The airline said the layoffs may be subject to further extension or change.

AER LINGUS HAS confirmed that it will be temporarily laying off 129 staff members at Shannon Airport without pay for three months. 

The airline said it was no longer sustainable to continue rostering inflight service and ground operations given no flights have operated to or from the airport since 5 April last. 

Following a review of its Shannon operation, Aer Lingus decided to place the 129 staff members on temporary unpaid lay-off from 8 March until 7 June.

“This may also be subject to further extension or change based on work requirements in Shannon,” an Aer Lingus spokesperson added. 

Aer Lingus recorded an operating loss of €361 million in 2020, which it says represents “the largest ever loss in the airline’s history and demonstrates the profound impact of Covid19″.

Fórsa trade union said the lay-offs were “devastating” for both the staff and the region.

“The Covid crisis has lasted far longer than anyone had envisaged, and this creates additional challenges to maintain the solutions we had previously put in place with the employer,” a spokesperson for the union said. 

“Today’s developments illustrate that Fórsa’s warnings on the future of aviation need to be taken seriously and acted upon. The sector plays a crucial role in both our national and regional economies.”
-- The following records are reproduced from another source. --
lemma gegen_expansion:
  assumes n: "n \<ge> 2" and "degree p \<le> d"
  obtains a where "p = (\<Sum>i\<le>d. smult (a i) (gegen n i))"
  using assms(2)
proof (induction d arbitrary: p thesis)
  case 0
  then obtain c where "p = [:c:]" by (auto elim: degree_eq_zeroE)
  then show ?case by (intro "0.prems"(1)[of "\<lambda>_. c"]) simp
next
  case (Suc d)
  have P: "degree (gegen n (Suc d)) = Suc d" "lead_coeff (gegen n (Suc d)) > 0"
    using degree_gegen_lead_coeff[OF n, of "Suc d"] by auto
  define c where "c = coeff p (Suc d) / lead_coeff (gegen n (Suc d))"
  define q where "q = p - smult c (gegen n (Suc d))"
  have "degree q \<le> Suc d" "coeff q (Suc d) = 0"
    using P Suc.prems(2)
    by (auto simp: q_def c_def intro: degree_diff_le order.trans[OF degree_smult_le])
  then have "degree q \<le> d"
    by (metis Zero_not_Suc degree_0 leading_coeff_0_iff le_SucE)
  then obtain a where "q = (\<Sum>i\<le>d. smult (a i) (gegen n i))" using Suc.IH by blast
  then have "p = (\<Sum>i\<le>Suc d. smult ((a(Suc d := c)) i) (gegen n i))"
    by (simp add: q_def algebra_simps)
  then show ?case by (rule Suc.prems(1))
qed

lemma gegen_integral_gegen_mult_expansion:
  assumes n: "n \<ge> 2" and p: "p = (\<Sum>i\<le>d. smult (a i) (gegen n i))" and "j \<le> d"
  shows "gegen_integral n (gegen n j * p) = a j * gegen_sqnorm n j"
proof -
  have "gegen_integral n (gegen n j * p) = (\<Sum>i\<le>d. if i = j then a j * gegen_sqnorm n j else 0)"
    unfolding p sum_distrib_left gegen_integral_sum
    by (intro sum.cong)
      (auto simp: gegen_integral_smult gegen_sqnorm_def gegen_integral_gegen_mult_gegen[OF n])
  then show ?thesis using \<open>j \<le> d\<close> by simp
qed

lemma gegen_integral_expansion_sq:
  assumes n: "n \<ge> 2" and p: "p = (\<Sum>i\<le>d. smult (a i) (gegen n i))"
  shows "gegen_integral n (p * p) = (\<Sum>i\<le>d. (a i)\<^sup>2 * gegen_sqnorm n i)"
proof -
  have "gegen_integral n (p * p) = (\<Sum>i\<le>d. a i * gegen_integral n (gegen n i * p))"
    by (subst (1) p) (simp add: sum_distrib_right gegen_integral_sum gegen_integral_smult)
  also have "\<dots> = (\<Sum>i\<le>d. (a i)\<^sup>2 * gegen_sqnorm n i)"
    by (intro sum.cong refl)
      (simp add: gegen_integral_gegen_mult_expansion[OF n p] power2_eq_square)
  finally show ?thesis .
qed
Fórsa is calling for enhanced industry-specific wage supports, easier access to mortgage payment breaks, and enhanced Government supports to the industry including a State-led stakeholder engagement to develop a survival plan for the sector.

Senator Timmy Dooley said today’s announcement was “another body blow” to the Mid-West aviation and tourism sector, accusing Aer Lingus of taking a “very short-sighted approach”. 
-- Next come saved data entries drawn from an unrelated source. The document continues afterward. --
text \<open>
  If \<open>\<phi>\<close> is a representation of rank at least two, the image of the abelian ideal \<open>V\<close>
  consists of commuting traceless matrices, so it lies on a line \<open>\<complex>M\<close> and
  \<open>\<phi>(v) = s(v) M\<close> for a linear form \<open>s\<close>. Bracketing with \<open>u\<close> gives
  \<open>[\<phi>(u), M] = \<mu> M\<close> with \<open>\<mu> \<noteq> 0\<close> (otherwise the rank drops to one) and
  \<open>s \<circ> \<alpha> = \<mu> s\<close>, so \<open>s\<close> is a left eigenvector of the Jordan matrix \<open>\<alpha>\<close>: it lives on
  the last basis vectors of the Jordan blocks of eigenvalue \<open>\<mu>\<close>. A \<open>2\<times>2\<close> computation
  conjugates \<open>\<phi>(u)\<close> to \<open>(\<mu>/2) H\<close> and \<open>M\<close> to a multiple of \<open>X\<^sub>+\<close>, which is the
  normal form; then \<open>det \<phi>(u) = -\<mu>\<^sup>2/4\<close> and \<open>f\<close> vanishes. Conversely every normal
  form is a representation of rank two, and one exists as soon as \<open>\<alpha>\<close> has a non-zero
  eigenvalue, which happens exactly when iterated brackets with \<open>u\<close> do not die out,
  i.e. when \<open>h\<close> is not nilpotent.
\<close>

lemma mat2_eq_iff:
  "(A::mat2) = B \<longleftrightarrow> A$1$1 = B$1$1 \<and> A$1$2 = B$1$2 \<and> A$2$1 = B$2$1 \<and> A$2$2 = B$2$2"
  by (auto simp: vec_eq_iff forall_2)

lemma mat2_mult_nth: "((A::mat2) ** B)$i$j = A$i$1 * B$1$j + A$i$2 * B$2$j"
  by (simp add: matrix_matrix_mult_def sum_2)

lemma trace_mat2: "trace (A::mat2) = A$1$1 + A$2$2"
  by (simp add: trace_def sum_2)

lemma traceless_mat2_nth: "trace (A::mat2) = 0 \<Longrightarrow> A$2$2 = - A$1$1"
  by (simp add: trace_mat2 eq_neg_iff_add_eq_0 add.commute)

lemma msc_nth [simp]: "msc c A $ i $ j = c * A $ i $ j"
  by (simp add: msc_def)

lemma mbr_nth: "mbr A B $ i $ j = (A ** B)$i$j - (B ** A)$i$j"
  by (simp add: mbr_def)

lemma Hm_nth: "Hm$1$1 = 1" "Hm$1$2 = 0" "Hm$2$1 = 0" "Hm$2$2 = -1"
  by (simp_all add: Hm_def)

lemma Xp_nth: "Xp$1$1 = 0" "Xp$1$2 = 1" "Xp$2$1 = 0" "Xp$2$2 = 0"
  by (simp_all add: Xp_def)

lemma Xm_nth: "Xm$1$1 = 0" "Xm$1$2 = 0" "Xm$2$1 = 1" "Xm$2$2 = 0"
  by (simp_all add: Xm_def)

lemma Xe_nonzero: "Xe e \<noteq> 0"
  by (simp add: Xe_def mat2_eq_iff Xp_nth Xm_nth)

lemma msc_0 [simp]: "msc 0 A = 0"
  by (simp add: mat2_eq_iff)

lemma msc_1 [simp]: "msc 1 A = A"
  by (simp add: mat2_eq_iff)

lemma msc_msc: "msc a (msc b A) = msc (a * b) A"
  by (simp add: mat2_eq_iff)

lemma msc_add_left: "msc a A + msc b A = msc (a + b) A"
  by (simp add: mat2_eq_iff algebra_simps)

lemma msc_eq_0_iff: "msc a A = 0 \<longleftrightarrow> a = 0 \<or> A = 0"
  by (auto simp: mat2_eq_iff)

lemma msc_cancel: "msc a A = msc b A \<Longrightarrow> (A::mat2) \<noteq> 0 \<Longrightarrow> a = b"
  by (auto simp: mat2_eq_iff)

lemma msc_sum: "(\<Sum>p\<in>S. msc (f p) A) = msc (\<Sum>p\<in>S. f p) A"
  by (induction S rule: infinite_finite_induct) (auto simp: msc_add_left)

lemma matrix_mult_msc_left: "msc c A ** (B::mat2) = msc c (A ** B)"
  by (simp add: mat2_eq_iff mat2_mult_nth algebra_simps)

lemma matrix_mult_msc_right: "(A::mat2) ** msc c B = msc c (A ** B)"
  by (simp add: mat2_eq_iff mat2_mult_nth algebra_simps)

lemma mbr_msc_right: "mbr A (msc c B) = msc c (mbr A B)"
  by (simp add: mat2_eq_iff mbr_nth mat2_mult_nth algebra_simps)

lemma matrix_inv_invertible:
  assumes "invertible (P::mat2)"
  shows "P ** matrix_inv P = mat 1" "matrix_inv P ** P = mat 1"
proof -
  have "\<exists>P'. P ** P' = mat 1 \<and> P' ** P = mat 1"
    using assms by (simp add: invertible_def)
  then have "P ** matrix_inv P = mat 1 \<and> matrix_inv P ** P = mat 1"
    unfolding matrix_inv_def by (rule someI_ex)
  then show "P ** matrix_inv P = mat 1" "matrix_inv P ** P = mat 1"
    by auto
qed

lemma conj_eq_iff:
  assumes "invertible (P::mat2)"
  shows "P ** X ** matrix_inv P = Y \<longleftrightarrow> P ** X = Y ** P"
  by (metis assms matrix_inv_invertible matrix_mul_assoc matrix_mul_rid)

lemma matrix_mult_diff_distrib:
  "(A::mat2) ** (B - C) = A ** B - A ** C" "(B - C) ** (A::mat2) = B ** A - C ** A"
  by (simp_all add: mat2_eq_iff mat2_mult_nth algebra_simps)

lemma matrix_mult_add_distrib:
  "(A::mat2) ** (B + C) = A ** B + A ** C" "(B + C) ** (A::mat2) = B ** A + C ** A"
  by (simp_all add: mat2_eq_iff mat2_mult_nth algebra_simps)

lemma mbr_conj:
  assumes "Q ** P = mat 1"
  shows "mbr (P ** X ** Q) (P ** Y ** (Q::mat2)) = P ** mbr X Y ** Q"
proof -
  have "(P ** X ** Q) ** (P ** Y ** Q) = P ** (X ** Y) ** Q" for X Y :: mat2
    by (metis assms matrix_mul_assoc matrix_mul_rid)
  then show ?thesis
    by (simp add: mbr_def matrix_mult_diff_distrib)
qed

lemma trace_conj:
  assumes "Q ** P = mat 1"
  shows "trace (P ** X ** (Q::mat2)) = trace X"
  by (metis assms matrix_mul_assoc matrix_mul_lid trace_mul_sym)

lemma det_conj:
  assumes "invertible (P::mat2)"
  shows "det (P ** X ** matrix_inv P) = det X"
proof -
  have "det P * det (matrix_inv P) = 1"
    using matrix_inv_invertible[OF assms] det_mul[of P "matrix_inv P"] by simp
  then show ?thesis
    by (simp add: det_mul algebra_simps)
qed

lemma traceless_commuting_proportional:
  fixes B C :: mat2
  assumes "trace B = 0" "trace C = 0" "B \<noteq> 0" "mbr C B = 0"
  shows "\<exists>c. C = msc c B"
proof -
  have B22: "B$2$2 = -B$1$1" and C22: "C$2$2 = -C$1$1"
    using assms(1,2) traceless_mat2_nth by auto
  have "mbr C B $1$1 = 0" "mbr C B $1$2 = 0" "mbr C B $2$1 = 0"
    using assms(4) by simp_all
  then have e: "C$1$2 * B$2$1 = B$1$2 * C$2$1" "C$1$1 * B$1$2 = B$1$1 * C$1$2"
      "C$2$1 * B$1$1 = B$2$1 * C$1$1"
    by (simp_all add: mbr_nth mat2_mult_nth B22 C22 algebra_simps)
  consider "B$1$1 \<noteq> 0" | "B$1$1 = 0" "B$1$2 \<noteq> 0" | "B$1$1 = 0" "B$1$2 = 0" "B$2$1 \<noteq> 0"
    using assms(3) B22 by (auto simp: mat2_eq_iff)
  then show ?thesis
  proof cases
    case 1
    then show ?thesis
      using e B22 C22 by (intro exI[of _ "C$1$1 / B$1$1"]) (simp add: mat2_eq_iff field_simps)
  next
    case 2
    then show ?thesis
      using e B22 C22 by (intro exI[of _ "C$1$2 / B$1$2"]) (simp add: mat2_eq_iff field_simps)
  next
    case 3
    then show ?thesis
      using e B22 C22 by (intro exI[of _ "C$2$1 / B$2$1"]) (simp add: mat2_eq_iff field_simps)
  qed
qed

definition mk_mat2 :: "complex \<Rightarrow> complex \<Rightarrow> complex \<Rightarrow> complex \<Rightarrow> mat2" where
  "mk_mat2 a b c d = (\<chi> i j. if i = 1 then (if j = 1 then a else b) else (if j = 1 then c else d))"

lemma mk_mat2_nth [simp]:
  "mk_mat2 a b c d $1$1 = a" "mk_mat2 a b c d $1$2 = b"
  "mk_mat2 a b c d $2$1 = c" "mk_mat2 a b c d $2$2 = d"
  by (simp_all add: mk_mat2_def)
“It is really disappointing that Aer Lingus are treating their loyal staff in such a manner – they have remained loyal to the brand over the years and it’s a foolhardy move to force them onto social welfare for the next three months. Aer Lingus should think of the long-term damage to the brand by this action,” Dooley said.

“The aviation sector is facing unprecedented challenges due to the impact of the Covid-19 pandemic and the Government needs to do much more for the tourism and aviation sector.”